### RECORDED DATA

lemma adopt_prob_eq_0: "in_nbrs E u \<inter> X = {} \<Longrightarrow> adopt_prob S \<delta> X u = 0"
  by (simp add: adopt_prob_def deg_in_eq_0)

lemma neutral_prob_eq_0: "in_nbrs E u \<inter> X = {} \<Longrightarrow> neutral_prob X u = 0"
  by (simp add: neutral_prob_def deg_in_eq_0)

lemma adopt_prob_eq_1: "u \<in> V \<Longrightarrow> in_nbrs E u \<subseteq> X \<Longrightarrow> 0 \<le> \<delta> \<Longrightarrow> adopt_prob S \<delta> X u = 1"
  using deg_ge_1[of u] by (simp add: adopt_prob_def deg_in_eq_deg bias_factor_def)

lemma reject_prob_le:
  assumes "u \<in> V" "u \<in> S" "in_nbrs E u \<inter> X \<noteq> {}" "0 \<le> \<delta>"
  shows "1 - adopt_prob S \<delta> X u \<le> nV / (1 + \<delta>)"
proof -
  define k d where "k = deg_in X u" and "d = deg u"
  have k: "1 \<le> k" "k \<le> d" and d: "d \<le> nV"
    using deg_in_ge_1[OF assms(3)] deg_in_le_deg deg_le_card_V by (auto simp: k_def d_def)
  have "1 + \<delta> \<le> (1 + \<delta>) * k"
    using k assms(4) mult_left_mono[of 1 k "1 + \<delta>"] by simp
  then have denom: "1 + \<delta> \<le> (1 + \<delta>) * k + (d - k)"
    using k by linarith
  have "1 - adopt_prob S \<delta> X u = (d - k) / ((1 + \<delta>) * k + (d - k))"
    using denom assms(2,4) by (simp add: adopt_prob_def bias_factor_def k_def d_def divide_simps)
  also have "\<dots> \<le> (d - k) / (1 + \<delta>)"
    using denom k assms(4) by (intro divide_left_mono) auto
  also have "\<dots> \<le> nV / (1 + \<delta>)"
    using d k assms(4) by (intro divide_right_mono) auto
  finally show ?thesis .
qed

lemma sum_fbias_in:
  "(\<Sum>v\<in>in_nbrs E u \<inter> X. fbias S \<delta> X v u) = bias_factor S \<delta> u * deg_in X u"
  by (simp add: fbias_def bias_factor_def deg_in_def)

lemma sum_fbias_out:
  "(\<Sum>v\<in>in_nbrs E u - X. fbias S \<delta> X v u) = deg u - deg_in X u"
proof -
  have "card (in_nbrs E u \<inter> X) \<le> card (in_nbrs E u)"
    using finite_in_nbrs by (intro card_mono) auto
  then show ?thesis
    using finite_in_nbrs
    by (simp add: fbias_def deg_def deg_in_def card_Diff_subset_Int Int_commute of_nat_diff)
qed

lemma step_exp_eq_trans_op:
  assumes "0 \<le> \<delta>"
  shows "step_exp V E (\<lambda>_. 1) S \<delta> X h = trans_op S \<delta> h X"
proof -
  have "(\<Sum>v\<in>in_nbrs E u. fbias S \<delta> X v u / (\<Sum>x\<in>in_nbrs E u. fbias S \<delta> X x u)
          * h (if v \<in> X then insert u X else X - {u}))
      = adopt_prob S \<delta> X u * h (insert u X) + (1 - adopt_prob S \<delta> X u) * h (X - {u})"
    if "u \<in> V" for u
  proof -
    have total: "(\<Sum>x\<in>in_nbrs E u. fbias S \<delta> X x u)
        = bias_factor S \<delta> u * deg_in X u + (deg u - deg_in X u)"
      using sum.Int_Diff[OF finite_in_nbrs, where g = "\<lambda>x. fbias S \<delta> X x u" and B = X]
      by (simp add: sum_fbias_in sum_fbias_out)
    show ?thesis
      using adopt_denom_pos[OF that assms, of S X]
      unfolding total if_distrib[of h] sum_if_mem_split[OF finite_in_nbrs]
      by (simp add: sum_divide_distrib[symmetric] sum_fbias_in sum_fbias_out adopt_prob_def
          divide_simps)
  qed
  then show ?thesis
    unfolding step_exp_def trans_op_def by (simp add: sum_divide_distrib)
qed

lemma trans_op_const: "trans_op S \<delta> (\<lambda>_. c) X = c"
  using card_V_pos by (simp add: trans_op_def algebra_simps)

lemma trans_op_mono:
  assumes "0 \<le> \<delta>"
    and "\<And>u. u \<in> V \<Longrightarrow> h (insert u X) \<le> h' (insert u X)"
    and "\<And>u. u \<in> V \<Longrightarrow> h (X - {u}) \<le> h' (X - {u})"
  shows "trans_op S \<delta> h X \<le> trans_op S \<delta> h' X"
  unfolding trans_op_def using card_V_pos assms adopt_prob_nonneg adopt_prob_le_1
  by (intro divide_right_mono sum_mono convex_comb_mono) auto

### WHAT THE EXERCISE ASKS
Copy every record exactly as presented.

### SOLVED EXERCISE
lemma adopt_prob_eq_0: "in_nbrs E u \<inter> X = {} \<Longrightarrow> adopt_prob S \<delta> X u = 0"
  by (simp add: adopt_prob_def deg_in_eq_0)

lemma neutral_prob_eq_0: "in_nbrs E u \<inter> X = {} \<Longrightarrow> neutral_prob X u = 0"
  by (simp add: neutral_prob_def deg_in_eq_0)

lemma adopt_prob_eq_1: "u \<in> V \<Longrightarrow> in_nbrs E u \<subseteq> X \<Longrightarrow> 0 \<le> \<delta> \<Longrightarrow> adopt_prob S \<delta> X u = 1"
  using deg_ge_1[of u] by (simp add: adopt_prob_def deg_in_eq_deg bias_factor_def)

lemma reject_prob_le:
  assumes "u \<in> V" "u \<in> S" "in_nbrs E u \<inter> X \<noteq> {}" "0 \<le> \<delta>"
  shows "1 - adopt_prob S \<delta> X u \<le> nV / (1 + \<delta>)"
proof -
  define k d where "k = deg_in X u" and "d = deg u"
  have k: "1 \<le> k" "k \<le> d" and d: "d \<le> nV"
    using deg_in_ge_1[OF assms(3)] deg_in_le_deg deg_le_card_V by (auto simp: k_def d_def)
  have "1 + \<delta> \<le> (1 + \<delta>) * k"
    using k assms(4) mult_left_mono[of 1 k "1 + \<delta>"] by simp
  then have denom: "1 + \<delta> \<le> (1 + \<delta>) * k + (d - k)"
    using k by linarith
  have "1 - adopt_prob S \<delta> X u = (d - k) / ((1 + \<delta>) * k + (d - k))"
    using denom assms(2,4) by (simp add: adopt_prob_def bias_factor_def k_def d_def divide_simps)
  also have "\<dots> \<le> (d - k) / (1 + \<delta>)"
    using denom k assms(4) by (intro divide_left_mono) auto
  also have "\<dots> \<le> nV / (1 + \<delta>)"
    using d k assms(4) by (intro divide_right_mono) auto
  finally show ?thesis .
qed

lemma sum_fbias_in:
  "(\<Sum>v\<in>in_nbrs E u \<inter> X. fbias S \<delta> X v u) = bias_factor S \<delta> u * deg_in X u"
  by (simp add: fbias_def bias_factor_def deg_in_def)

lemma sum_fbias_out:
  "(\<Sum>v\<in>in_nbrs E u - X. fbias S \<delta> X v u) = deg u - deg_in X u"
proof -
  have "card (in_nbrs E u \<inter> X) \<le> card (in_nbrs E u)"
    using finite_in_nbrs by (intro card_mono) auto
  then show ?thesis
    using finite_in_nbrs
    by (simp add: fbias_def deg_def deg_in_def card_Diff_subset_Int Int_commute of_nat_diff)
qed

lemma step_exp_eq_trans_op:
  assumes "0 \<le> \<delta>"
  shows "step_exp V E (\<lambda>_. 1) S \<delta> X h = trans_op S \<delta> h X"
proof -
  have "(\<Sum>v\<in>in_nbrs E u. fbias S \<delta> X v u / (\<Sum>x\<in>in_nbrs E u. fbias S \<delta> X x u)
          * h (if v \<in> X then insert u X else X - {u}))
      = adopt_prob S \<delta> X u * h (insert u X) + (1 - adopt_prob S \<delta> X u) * h (X - {u})"
    if "u \<in> V" for u
  proof -
    have total: "(\<Sum>x\<in>in_nbrs E u. fbias S \<delta> X x u)
        = bias_factor S \<delta> u * deg_in X u + (deg u - deg_in X u)"
      using sum.Int_Diff[OF finite_in_nbrs, where g = "\<lambda>x. fbias S \<delta> X x u" and B = X]
      by (simp add: sum_fbias_in sum_fbias_out)
    show ?thesis
      using adopt_denom_pos[OF that assms, of S X]
      unfolding total if_distrib[of h] sum_if_mem_split[OF finite_in_nbrs]
      by (simp add: sum_divide_distrib[symmetric] sum_fbias_in sum_fbias_out adopt_prob_def
          divide_simps)
  qed
  then show ?thesis
    unfolding step_exp_def trans_op_def by (simp add: sum_divide_distrib)
qed

lemma trans_op_const: "trans_op S \<delta> (\<lambda>_. c) X = c"
  using card_V_pos by (simp add: trans_op_def algebra_simps)

lemma trans_op_mono:
  assumes "0 \<le> \<delta>"
    and "\<And>u. u \<in> V \<Longrightarrow> h (insert u X) \<le> h' (insert u X)"
    and "\<And>u. u \<in> V \<Longrightarrow> h (X - {u}) \<le> h' (X - {u})"
  shows "trans_op S \<delta> h X \<le> trans_op S \<delta> h' X"
  unfolding trans_op_def using card_V_pos assms adopt_prob_nonneg adopt_prob_le_1
  by (intro divide_right_mono sum_mono convex_comb_mono) auto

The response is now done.